Erect-growing many-branched shrub up to 4 m. tall. Lvs 5-7 × 2-3 cm., oval, minutely crenulate, on petioles c. 1 cm. long; margins ± recurved; upper surface wrinkled, with scattered stellate hairs when young; lower surface fully clothed with felted sessile stellate hairs with scattered stalked stellate hairs overtopping them; nerves prominent with similar hairs. Infl. ± pyramidal, fl.-clusters lateral and terminal on lfless branchlets c. 10 cm. long; bracts narrow, mealy-hairy; pedicels 2*5-4 mm. long. Fls pale green, c. 6 mm. diam.; calyx-tube stellatehairy, mealy; speals c. 2 mm. long; petals 0; stamens < sepals; style divided to > 1/2 length; capsule c. 1/2 immersed in calyx-tube, with persistent sepals; operculum > 3/4 length of coccus; seeds dark, not shining, c. 1·5 × 1 mm.
DIST.: N.: Known in a few coastal localities from Kawhia Harbour to Mokau. Ch.: F. A. D. Cox (W). Tainui.
FL. 11-1. FT 1-2.
The type specimen of P. tainui (A, 5135, Mokau, Sir J. Hector) matches Tasmanian specimens well, though it, like most N.Z. specimens, has smaller and more oval lvs than those shown in Labillardière's t. 87. Colenso specimens of P. mollis in K, A, and W, approach Tasmanian ones even more closely; the only other specimens seen from Colenso's locality "Puketapu, Napier" are those (in W) collected by Petrie in Jan. 1899 "growing in a wayside hedge". Cheeseman (Man.
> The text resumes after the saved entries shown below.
theorem D_tp_char_exponent:
  assumes b_deg: "b \<in> grade scS m \<omega> \<sigma>2 (s - i)" and r: "[r * int CHAR('k) = s] (mod int m)"
  shows "D (tp a b) = act (d (tp a (zpow u v (- (int CHAR('k) * r)) * b))) (zpow u v (int CHAR('k) * r))"
proof -
  define x where "x = tp a (zpow u v (- (int CHAR('k) * r)) * b)"
  have "[- (int CHAR('k) * r) = - s] (mod int m)"
    using r by (simp add: cong_minus_minus_iff mult.commute)
  then have "x \<in> degree_zero"
    unfolding x_def by (rule tp_zpow_mult_in_degree_zero[OF b_deg])
  have "D (tp a b) = D (act x (zpow u v (int CHAR('k) * r)))"
    using zpow_uminus_mult[OF u_inv] by (simp add: x_def act_tp mult.commute mult.left_commute)
  also have "\<dots> = act (D x) (zpow u v (int CHAR('k) * r))"
    by (simp add: D_act_zpow_of_int_eq_0[OF u_inv])
  also have "D x = d x"
    using D_ext \<open>x \<in> degree_zero\<close> by simp
  finally show ?thesis
    by (simp add: x_def)
qed

end

end

theorem lemma4p4:
  fixes scA :: "'k::field \<Rightarrow> 'a::ab_group_add \<Rightarrow> 'a" and mA :: "'a \<Rightarrow> 'a \<Rightarrow> 'a"
    and scS :: "'k \<Rightarrow> 's::comm_ring_1 \<Rightarrow> 's"
    and scT :: "'k \<Rightarrow> 't::ab_group_add \<Rightarrow> 't" and mT :: "'t \<Rightarrow> 't \<Rightarrow> 't"
    and tp :: "'a \<Rightarrow> 's \<Rightarrow> 't" and act :: "'t \<Rightarrow> 's \<Rightarrow> 't"
    and \<sigma>1 :: "'a \<Rightarrow> 'a" and \<sigma>2 :: "'s \<Rightarrow> 's"
    and m :: nat and \<omega> :: 'k and u v :: 's
    and scC :: "'k \<Rightarrow> 'c::ab_group_add \<Rightarrow> 'c" and tpC :: "('a \<Rightarrow> 'a) \<Rightarrow> 's \<Rightarrow> 'c"
    and \<psi> :: "'c \<Rightarrow> ('t \<Rightarrow> 't)"
    and d D :: "'t \<Rightarrow> 't" and i s :: int and a :: 'a and b :: 's
  assumes m_pos: "m \<ge> 1"
    and m_nz: "of_nat m \<noteq> (0::'k)"
    and \<omega>_root: "\<omega> ^ m = 1" and \<omega>_prim: "\<forall>j. 0 < j \<and> j < m \<longrightarrow> \<omega> ^ j \<noteq> 1"
    and all_roots: "\<forall>x::'k. x ^ m = 1 \<longrightarrow> (\<exists>j<m. x = \<omega> ^ j)"
    and A_alg: "is_algebra scA mA" and A_perfect: "perfect scA mA"
    and S_vs: "vector_space scS" and S_alg: "\<forall>c x y. scS c (x * y) = scS c x * y"
    and T_tensor: "is_tensor_product scA UNIV scS UNIV scT tp"
    and T_alg: "is_algebra scT mT"
    and T_mult: "\<forall>a1 a2 s1 s2. mT (tp a1 s1) (tp a2 s2) = tp (mA a1 a2) (s1 * s2)"
    and act_lin: "\<forall>s'. Vector_Spaces.linear scT scT (\<lambda>x. act x s')"
    and act_tp: "\<forall>a1 s1 s'. act (tp a1 s1) s' = tp a1 (s1 * s')"
    and \<sigma>1_aut: "is_automorphism scA mA \<sigma>1" and \<sigma>1_m: "\<sigma>1 ^^ m = id"
    and \<sigma>2_aut: "is_automorphism scS (*) \<sigma>2" and \<sigma>2_one: "\<sigma>2 1 = 1" and \<sigma>2_m: "\<sigma>2 ^^ m = id"
    and u_deg: "u \<in> grade scS m \<omega> \<sigma>2 1" and u_inv: "u * v = 1"
    and C_tensor: "is_tensor_product (fun_scale scA) (centroid scA mA) scS UNIV scC tpC"
    and \<psi>_lin: "Vector_Spaces.linear scC (fun_scale scT) \<psi>"
    and \<psi>_tp: "\<forall>\<gamma>\<in>centroid scA mA. \<forall>s'. Vector_Spaces.linear scT scT (\<psi> (tpC \<gamma> s')) \<and>
                  (\<forall>a1 t. \<psi> (tpC \<gamma> s') (tp a1 t) = tp (\<gamma> a1) (s' * t))"
    and \<psi>_iso: "bij_betw \<psi> UNIV (centroid scT mT)"
    and d_der: "is_derivation_on scT mT
                  (tgrade scT tp (grade scA m \<omega> \<sigma>1) (grade scS m \<omega> \<sigma>2) 0) d"
    and D_der: "is_derivation_on scT mT UNIV D"
    and D_deg0: "\<forall>j. \<forall>x\<in>tgrade scT tp (grade scA m \<omega> \<sigma>1) (grade scS m \<omega> \<sigma>2) j.
                  D x \<in> tgrade scT tp (grade scA m \<omega> \<sigma>1) (grade scS m \<omega> \<sigma>2) j"
    and D_ext: "\<forall>x\<in>tgrade scT tp (grade scA m \<omega> \<sigma>1) (grade scS m \<omega> \<sigma>2) 0. D x = d x"
    and a_deg: "a \<in> grade scA m \<omega> \<sigma>1 i"
    and b_deg: "b \<in> grade scS m \<omega> \<sigma>2 (s - i)"
  shows "(\<forall>n::int. of_int n \<noteq> (0::'k) \<longrightarrow>
            D (tp a b) =
              act (d (tp a (zpow u v (- int (eps m s)) * b))) (zpow u v (int (eps m s)))
              + scT (of_nat (eps m s) * inverse (of_nat m * of_int n))
                  (act (act (d (tp a (zpow u v (- int (eps m i) + int m * n)))) (zpow u v (- (int m * n)))
                        - d (tp a (zpow u v (- int (eps m i)))))
                       (zpow u v (int (eps m i)) * b)))
       \<and> (CHAR('k) = 0 \<longrightarrow> (\<forall>n::int. n \<noteq> 0 \<longrightarrow>
            D (tp a b) =
              act (d (tp a (zpow u v (- int (eps m s)) * b))) (zpow u v (int (eps m s)))
              + scT (of_nat (eps m s) * inverse (of_nat m * of_int n))
                  (act (act (d (tp a (zpow u v (- int (eps m i) + int m * n)))) (zpow u v (- (int m * n)))
                        - d (tp a (zpow u v (- int (eps m i)))))
                       (zpow u v (int (eps m i)) * b))))
       \<and> (CHAR('k) > 0 \<longrightarrow> (\<forall>r::int. 0 \<le> r \<and> r < int m \<and> [r * int CHAR('k) = s] (mod int m) \<longrightarrow>
            D (tp a b) =
              act (d (tp a (zpow u v (- (int CHAR('k) * r)) * b))) (zpow u v (int CHAR('k) * r))))"
proof -
  \<comment> \<open>Not needed: \<open>A_alg\<close>, \<open>A_perfect\<close>, \<open>\<omega>_prim\<close>, \<open>all_roots\<close>, \<open>\<sigma>1_aut\<close>, \<open>\<sigma>1_m\<close>, \<open>\<sigma>2_m\<close>, \<open>D_deg0\<close>.\<close>
  have T_vs: "vector_space scT"
    using T_alg by (simp add: is_algebra_def)
  interpret tensor_action scT mT act tp mA
    using T_alg tensor_product_span_pure_tensors[OF T_vs T_tensor] T_mult act_lin act_tp
    by (intro tensor_action.intro linear_action.intro tensor_action_axioms.intro) auto
  have C_span: "module.span scC ((\<lambda>(\<gamma>, s). tpC \<gamma> s) ` (centroid scA mA \<times> UNIV)) = UNIV"
    using \<psi>_lin C_tensor by (intro tensor_product_span_pure_tensors) (auto simp: linear_iff)
  interpret centroid_compatible_action scT mT act
  proof (rule centroid_compatible_actionI[OF C_span \<psi>_lin \<psi>_tp])
    show "centroid scT mT \<subseteq> range \<psi>"
      using \<psi>_iso by (simp add: bij_betw_def)
  qed
  interpret graded_tensor_derivation scT mT act tp mA D scS m \<omega> \<sigma>2 scA \<sigma>1 u v d
  proof (rule graded_tensor_derivation.intro)
    show "action_derivation scT mT act D"
      using centroid_compatible_action_axioms D_der
      by (simp add: action_derivation_def action_derivation_axioms_def)
    show "eigenspace_grading scS m \<omega> \<sigma>2"
      using S_vs S_alg \<sigma>2_aut \<sigma>2_one m_pos \<omega>_root
      by (intro eigenspace_grading.intro) (auto simp: is_automorphism_def)
    show "graded_tensor_derivation_axioms scT tp D scS m \<omega> \<sigma>2 scA \<sigma>1 u v d"
      using u_deg u_inv D_ext by (simp add: graded_tensor_derivation_axioms_def)
  qed (fact tensor_action_axioms)
  have "of_int n \<noteq> (0::'k)" if "CHAR('k) = 0" "n \<noteq> 0" for n
    using that by (simp add: of_int_eq_0_iff_char_dvd)
  then show ?thesis
    using D_tp_difference_quotient[OF a_deg b_deg _ m_nz] D_tp_char_exponent[OF a_deg b_deg] by blast
qed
N.Z. Fl. 1925, 554) regarded the Hawke's Bay plants as naturalized. Similar specimens from "Mr Potts' garden" [Christchurch] are in the Kirk Herb. (W). P. apetala is still quite widely grown as a garden or hedge shrub, some of it propagated by cuttings from the naturally-occurring grove at Mokau.
Also supplied by N.Z. nurserymen under the name P. apetala is a plant differing in the following respects: lvs large (up to 12 × 6 cm.), flat, pointed, always glab. above and with distinctive indumentum below, the stellate hairs being all stalked and very regularly and rather openly spaced so that the lf-epidermis shows through, giving a pale grey-green rather than white or buff colour; scattered simple hairs are present also; infl. is less rigid, fls are small (c. 5 mm. diam.), styles less divided, operculum small and ill-defined, the coccus ind. or opening by a median longitudinal split, flowering much earlier, and chromosome number different. This apparently closely approaches P. aspera Sieb. ex DC. Prodr. 2, 1825, 33, but Australian specimens of the latter examined for comparison have scattered soft stellate hairs on upper lf-surface. This plant has escaped from gardens but there is no reason to believe that it is indigenous to N.Z. A closely related form early became naturalized in parts of Canterbury (specimens at W from Geraldine, Mathias, 1891, and at CM from Oxford, Waimate, Geraldine and Wigley's Run, Waitoki, J.B. Armstrong).